Analyze all pending actions in a conversation. This method gets all unmatched actions from the conversation state and analyzes each one for security risks.
  • Parameters: conversation – The conversation to analyze
  • Returns: List of tuples containing (action, risk_level) for each pending action

model_config = (configuration object)

Configuration for the model, should be a dictionary conforming to [ConfigDict][pydantic.config.ConfigDict].

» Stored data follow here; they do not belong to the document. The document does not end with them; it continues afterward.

lemma prob1_unique:
  assumes z1: "prob1 \<alpha> h q c z1" and z2: "prob1 \<alpha> h q c z2" and x: "x \<in> {0..\<alpha>}"
  shows "z1 x = z2 x"
proof (cases "\<gamma> \<le> x")
  case True
  then show ?thesis
    using mid.zeta_sol_unique[OF mid_sol_if_prob1[OF z1] mid_sol_if_prob1[OF z2]] x by simp
next
  case False
  then have "z1 (1 - (1 - x)) = z2 (1 - (1 - x))"
    using left.zeta_sol_unique[OF left_sol_if_prob1[OF z1] left_sol_if_prob1[OF z2], where x = "1 - x"] x
    by simp
  then show ?thesis by simp
qed

lemma c1star_eqI: "prob1 \<alpha> h q c z \<Longrightarrow> c1star \<alpha> h q = c"
  unfolding c1star_def by (rule the_equality) (blast, metis prob1_speed_unique)

lemma prob1_if_deriv_off_point:
  assumes p: "p \<in> {0<..<\<alpha>}" and cont: "continuous_on {0..\<alpha>} z" and neg: "\<And>x. x \<in> {0<..<\<alpha>} \<Longrightarrow> z x < 0"
    and deriv: "\<And>x. x \<in> {0<..<\<alpha>} \<Longrightarrow> x \<noteq> p \<Longrightarrow> (z has_real_derivative h x - c - q x / z x) (at x)"
    and "z 0 = 0" "z \<alpha> = 0"
  shows "prob1 \<alpha> h q c z"
proof -
  define S where "S = {p / 2..(p + \<alpha>) / 2}"
  have S: "S \<subseteq> {0..\<alpha>}" "S \<subseteq> {0..1}" using p \<alpha>_less_1 by (auto simp: S_def)
  have "z t \<noteq> 0" if "t \<in> S" for t
    using neg[of t] that p by (auto simp: S_def)
  moreover have "continuous_on S h" "continuous_on S q" "continuous_on S z"
    using continuous_on_subset[OF cont_h S(2)] continuous_on_subset[OF cont_q S(2)]
      continuous_on_subset[OF cont S(1)] .
  ultimately have "continuous_on S (\<lambda>t. h t - c - q t / z t)" by (intro continuous_intros) auto
  then have "(z has_real_derivative h p - c - q p / z p) (at p)"
    unfolding S_def
    by (rule has_real_derivative_if_continuous_off_point[where f' = "\<lambda>t. h t - c - q t / z t", rotated 3])
      (use \<open>continuous_on S z\<close> p deriv in \<open>auto simp: S_def\<close>)
  then have "(z has_real_derivative h x - c - q x / z x) (at x)" if "x \<in> {0<..<\<alpha>}" for x
    using deriv[OF that] by (cases "x = p") auto
  then show ?thesis using assms by (simp add: prob1_def)
qed

lemma prob1_glue:
  assumes zR: "zeta_sol q h \<gamma> \<alpha> c zR"
    and zL: "zeta_sol (\<lambda>\<phi>. - q (1 - \<phi>)) (\<lambda>\<phi>. - h (1 - \<phi>)) (1 - \<gamma>) 1 (- c) zL"
    and match: "zL (1 - \<gamma>) = zR \<gamma>" and neg: "zR \<gamma> < 0"
  shows "prob1 \<alpha> h q c (glue \<gamma> (\<lambda>x. zL (1 - x)) zR)"
proof (rule prob1_if_deriv_off_point)
  let ?z = "glue \<gamma> (\<lambda>x. zL (1 - x)) zR"
  show "\<gamma> \<in> {0<..<\<alpha>}" using \<gamma>_pos \<gamma>_less_\<alpha> by simp
  show "continuous_on {0..\<alpha>} ?z"
    using continuous_on_reflect[of "1 - \<gamma>" 1 zL] zL zR match \<gamma>_pos \<gamma>_less_\<alpha>
    by (intro continuous_on_glue) (auto simp: zeta_sol_def)
  show "?z 0 = 0" "?z \<alpha> = 0" using zL zR \<gamma>_pos \<gamma>_less_\<alpha> by (simp_all add: glue_def zeta_sol_def)
  fix x assume x: "x \<in> {0<..<\<alpha>}"
  show "?z x < 0"
  proof (cases x \<gamma> rule: linorder_cases)
    case less
    then have "1 - x \<in> {1 - \<gamma><..<1}" using x by auto
    then show ?thesis using zL less by (auto simp: glue_def zeta_sol_def)
  next
    case greater
    then have "x \<in> {\<gamma><..<\<alpha>}" using x by auto
    then show ?thesis using zR greater by (auto simp: glue_def zeta_sol_def)
  qed (use match neg in \<open>simp add: glue_def\<close>)
  assume "x \<noteq> \<gamma>"
  then show "(?z has_real_derivative h x - c - q x / ?z x) (at x)"
  proof (rule has_real_derivative_glue)
    assume "x < \<gamma>"
    then have "1 - x \<in> {1 - \<gamma><..<1}" using x by auto
    then have "(zL has_real_derivative - h (1 - (1 - x)) - - c - - q (1 - (1 - x)) / zL (1 - x)) (at (1 - x))"
      using zL unfolding zeta_sol_def by blast
    from has_real_derivative_reflect[OF this]
    show "((\<lambda>t. zL (1 - t)) has_real_derivative h x - c - q x / ?z x) (at x)"
      using \<open>x < \<gamma>\<close> by (simp add: glue_def algebra_simps)
  next
    assume "\<gamma> < x"
    then show "(zR has_real_derivative h x - c - q x / ?z x) (at x)"
      using zR x by (simp add: zeta_sol_def glue_def)
  qed
qed

lemma probP_glue:
  assumes z1: "prob1 \<alpha> h q c z1"
    and \<zeta>: "zeta_sol (\<lambda>\<phi>. - q (1 - \<phi>)) (\<lambda>\<phi>. h (1 - \<phi>)) 0 (1 - \<alpha>) c \<zeta>" and "\<zeta> 0 = 0"
  shows "probP \<alpha> h q c (glue \<alpha> z1 (\<lambda>x. - \<zeta> (1 - x)))"
  unfolding probP_def
proof (intro conjI ballI)
  let ?z = "glue \<alpha> z1 (\<lambda>x. - \<zeta> (1 - x))"
  show "continuous_on {0..1} ?z"
    using continuous_on_minus[OF continuous_on_reflect[of 0 "1 - \<alpha>" \<zeta>]] z1 \<zeta> \<gamma>_pos \<gamma>_less_\<alpha> \<alpha>_less_1
    by (intro continuous_on_glue) (auto simp: prob1_def zeta_sol_def)
  show "?z 0 = 0" "?z \<alpha> = 0" "?z 1 = 0"
    using z1 \<open>\<zeta> 0 = 0\<close> \<gamma>_pos \<gamma>_less_\<alpha> \<alpha>_less_1 by (simp_all add: glue_def prob1_def)
  show "?z x < 0" if "x \<in> {0<..<\<alpha>}" for x
    using z1 that by (simp add: glue_def prob1_def)
  show "?z x > 0" if "x \<in> {\<alpha><..<1}" for x
  proof -
    have "1 - x \<in> {0<..<1 - \<alpha>}" using that by auto
    then show ?thesis using \<zeta> that by (auto simp: glue_def zeta_sol_def)
  qed
  fix x assume x: "x \<in> {0<..<1} - {\<alpha>}"
  then show "(?z has_real_derivative h x - c - q x / ?z x) (at x)"
  proof (intro has_real_derivative_glue)
    assume "x < \<alpha>"
    then show "(z1 has_real_derivative h x - c - q x / ?z x) (at x)"
      using z1 x by (simp add: prob1_def glue_def)
  next
    assume "\<alpha> < x"
    then have "1 - x \<in> {0<..<1 - \<alpha>}" using x by auto
    then have "(\<zeta> has_real_derivative h (1 - (1 - x)) - c - - q (1 - (1 - x)) / \<zeta> (1 - x)) (at (1 - x))"
      using \<zeta> unfolding zeta_sol_def by blast
    from DERIV_minus[OF has_real_derivative_reflect[OF this]]
    show "((\<lambda>t. - \<zeta> (1 - t)) has_real_derivative h x - c - q x / ?z x) (at x)"
      using \<open>\<alpha> < x\<close> by (simp add: glue_def algebra_simps)
  qed auto
qed

text \<open>\<open>c \<mapsto> zeta_left c\<close> increases on the middle piece while \<open>c \<mapsto> zeta_left (-c)\<close> decreases on
  the reflected left piece, and both are unbounded below.\<close>
lemma exists_matching_speed: "\<exists>c. left.zeta_left (- c) = mid.zeta_left c"
proof -
  let ?F = "\<lambda>c. mid.zeta_left c - left.zeta_left (- c)"
  obtain p where p: "p \<le> 0" "mid.zeta_left p \<le> left.zeta_left 0" by (rule mid.zeta_left_unbounded_below)
  obtain r where r: "r \<le> 0" "left.zeta_left r \<le> mid.zeta_left 0" by (rule left.zeta_left_unbounded_below)
  have "left.zeta_left 0 \<le> left.zeta_left (- p)" using p by (intro monoD[OF left.mono_zeta_left]) simp
  then have "?F p \<le> 0" using p by simp
  have "mid.zeta_left 0 \<le> mid.zeta_left (- r)" using r by (intro monoD[OF mid.mono_zeta_left]) simp
  then have "0 \<le> ?F (- r)" using r by simp
  have "continuous_on UNIV mid.zeta_left" "continuous_on UNIV left.zeta_left"
    using lipschitz_on_continuous_on[OF mid.lipschitz_zeta_left]
      lipschitz_on_continuous_on[OF left.lipschitz_zeta_left] .
  moreover have "continuous_on {p..- r} (\<lambda>c. left.zeta_left (- c))"
    using continuous_on_compose2[OF \<open>continuous_on UNIV left.zeta_left\<close> continuous_on_minus[OF continuous_on_id]]
    by simp
  ultimately have "continuous_on {p..- r} ?F"
    by (intro continuous_on_diff) (auto intro: continuous_on_subset)
  then obtain c where "?F c = 0"
    using IVT'[of ?F p 0 "- r"] \<open>?F p \<le> 0\<close> \<open>0 \<le> ?F (- r)\<close> p r by auto
  then have "left.zeta_left (- c) = mid.zeta_left c" by simp
  then show ?thesis ..
qed

lemma prob1_speed_bounds:
  assumes z: "prob1 \<alpha> h q c z"
  shows "c11 \<gamma> h q < ereal c" "ereal c < c12 \<gamma> \<alpha> h q"
proof -
  have "z \<gamma> < 0" using z \<gamma>_pos \<gamma>_less_\<alpha> by (simp add: prob1_def)
  moreover have "mid.zeta_left c = z \<gamma>" by (rule mid.zeta_left_eq[OF mid_sol_if_prob1[OF z]])
  moreover have "left.zeta_left (- c) = z \<gamma>" using left.zeta_left_eq[OF left_sol_if_prob1[OF z]] by simp
  ultimately have "mid.zeta_left c < 0" "left.zeta_left (- c) < 0" by simp_all
  then have "ereal c < c12 \<gamma> \<alpha> h q" "ereal (- c) < - c11 \<gamma> h q"
    by (simp_all add: mid.zeta_left_neg_iff left.zeta_left_neg_iff c12_def c11_def)
  then show "ereal c < c12 \<gamma> \<alpha> h q" "c11 \<gamma> h q < ereal c"
    by (simp, metis ereal_minus_less_minus uminus_ereal.simps(1))
qed

lemma prob1_exists:
  assumes "c11 \<gamma> h q < c12 \<gamma> \<alpha> h q"
  shows "\<exists>c z. prob1 \<alpha> h q c z"
proof -
  obtain c where match: "left.zeta_left (- c) = mid.zeta_left c" using exists_matching_speed by blast
  have "mid.zeta_left c < 0"
  proof (cases "ereal c < c12 \<gamma> \<alpha> h q")
    case True
    then show ?thesis using mid.zeta_left_neg_iff by (simp add: c12_def)
  next
    case False
    then have "c11 \<gamma> h q < ereal c" using assms by (simp add: not_less less_le_trans)
    then have "left.zeta_left (- c) < 0"
      by (simp add: left.zeta_left_neg_iff c11_def ereal_uminus_less_reorder)
    then show ?thesis using match by simp
  qed
  obtain zR zL where zR: "zeta_sol q h \<gamma> \<alpha> c zR"
    and zL: "zeta_sol (\<lambda>\<phi>. - q (1 - \<phi>)) (\<lambda>\<phi>. - h (1 - \<phi>)) (1 - \<gamma>) 1 (- c) zL"
    using mid.zeta_sol_exists left.zeta_sol_exists by metis
  moreover have "zL (1 - \<gamma>) = zR \<gamma>" "zR \<gamma> < 0"
    using match \<open>mid.zeta_left c < 0\<close> mid.zeta_left_eq[OF zR] left.zeta_left_eq[OF zL] by simp_all
  ultimately show ?thesis using prob1_glue by blast
qed

lemma probP_exists_iff:
  "(\<exists>z. probP \<alpha> h q c z) \<longleftrightarrow> (\<exists>z. prob1 \<alpha> h q c z) \<and> c32 \<alpha> h q \<le> ereal c"
proof -
  have "\<exists>z. probP \<alpha> h q c z" if "prob1 \<alpha> h q c z" "right.zeta_left c = 0" for z
  proof -
    obtain \<zeta> where \<zeta>: "zeta_sol (\<lambda>\<phi>. - q (1 - \<phi>)) (\<lambda>\<phi>. h (1 - \<phi>)) 0 (1 - \<alpha>) c \<zeta>"
      using right.zeta_sol_exists by blast
    moreover have "\<zeta> 0 = 0" using right.zeta_left_eq[OF \<zeta>] that(2) by simp
    ultimately show ?thesis using probP_glue[OF that(1)] by blast
  qed
  moreover have "right.zeta_left c = 0" if "probP \<alpha> h q c z" for z
    using right.zeta_left_eq[OF right_sol_if_probP[OF that]] that by (simp add: probP_def)
  moreover have "right.zeta_left c = 0 \<longleftrightarrow> c32 \<alpha> h q \<le> ereal c"
    using right.zeta_left_neg_iff[of c] right.zeta_left_nonpos[of c] by (auto simp: c32_def not_less)
  ultimately show ?thesis using prob1_if_probP by blast
qed

theorem probP_solvable_iff:
  "(\<exists>c z. probP \<alpha> h q c z) \<longleftrightarrow> c11 \<gamma> h q < c12 \<gamma> \<alpha> h q \<and> c32 \<alpha> h q \<le> ereal (c1star \<alpha> h q)"
proof
  assume "\<exists>c z. probP \<alpha> h q c z"
  then obtain c z where z: "probP \<alpha> h q c z" by blast
  then have "c1star \<alpha> h q = c" using c1star_eqI prob1_if_probP by blast
  moreover have "c11 \<gamma> h q < c12 \<gamma> \<alpha> h q"
    using prob1_speed_bounds[OF prob1_if_probP[OF z]] by (rule less_trans)
  moreover have "c32 \<alpha> h q \<le> ereal c" using probP_exists_iff z by blast
  ultimately show "c11 \<gamma> h q < c12 \<gamma> \<alpha> h q \<and> c32 \<alpha> h q \<le> ereal (c1star \<alpha> h q)" by simp
next
  assume *: "c11 \<gamma> h q < c12 \<gamma> \<alpha> h q \<and> c32 \<alpha> h q \<le> ereal (c1star \<alpha> h q)"
  then obtain c z where z: "prob1 \<alpha> h q c z" using prob1_exists by blast
  then have "c32 \<alpha> h q \<le> ereal c" using * c1star_eqI[OF z] by simp
  then show "\<exists>c z. probP \<alpha> h q c z" using probP_exists_iff z by blast
qed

abstractmethod security_risk()

Evaluate the security risk of an ActionEvent. This is the core method that analyzes an ActionEvent and returns its risk level. Implementations should examine the action’s content, context, and potential impact to determine the appropriate risk level.
  • Parameters: action – The ActionEvent to analyze for security risks
  • Returns: ActionSecurityRisk enum indicating the risk level

should_require_confirmation()

Determine if an action should require user confirmation. This implements the default confirmation logic based on risk level and confirmation mode settings.
  • Parameters:
    • risk – The security risk level of the action
    • confirmation_mode – Whether confirmation mode is enabled
  • Returns: True if confirmation is required, False otherwise

class SecurityRisk

Bases: str, Enum Security risk levels for actions. Based on OpenHands security risk levels but adapted for agent-sdk. Integer values allow for easy comparison and ordering.

Properties

  • description: str Get a human-readable description of the risk level.
  • visualize: Text Return Rich Text representation of this risk level.

Methods

HIGH = ‘HIGH’

LOW = ‘LOW’

MEDIUM = ‘MEDIUM’

UNKNOWN = ‘UNKNOWN’

get_color()

Get the color for displaying this risk level in Rich text.

is_riskier()

Check if this risk level is riskier than another. Risk levels follow the natural ordering: LOW is less risky than MEDIUM, which is less risky than HIGH. UNKNOWN is not comparable to any other level. To make this act like a standard well-ordered domain, we reflexively consider risk levels to be riskier than themselves. That is: for risk_level in list(SecurityRisk): : assert risk_level.is_riskier(risk_level)

More concretely:

assert SecurityRisk.HIGH.is_riskier(SecurityRisk.HIGH) assert SecurityRisk.MEDIUM.is_riskier(SecurityRisk.MEDIUM) assert SecurityRisk.LOW.is_riskier(SecurityRisk.LOW) This can be disabled by setting the reflexive parameter to False.
  • Parameters: other (SecurityRisk*) – The other risk level to compare against. reflexive (bool*) – Whether the relationship is reflexive.
  • Raises: ValueError – If either risk level is UNKNOWN.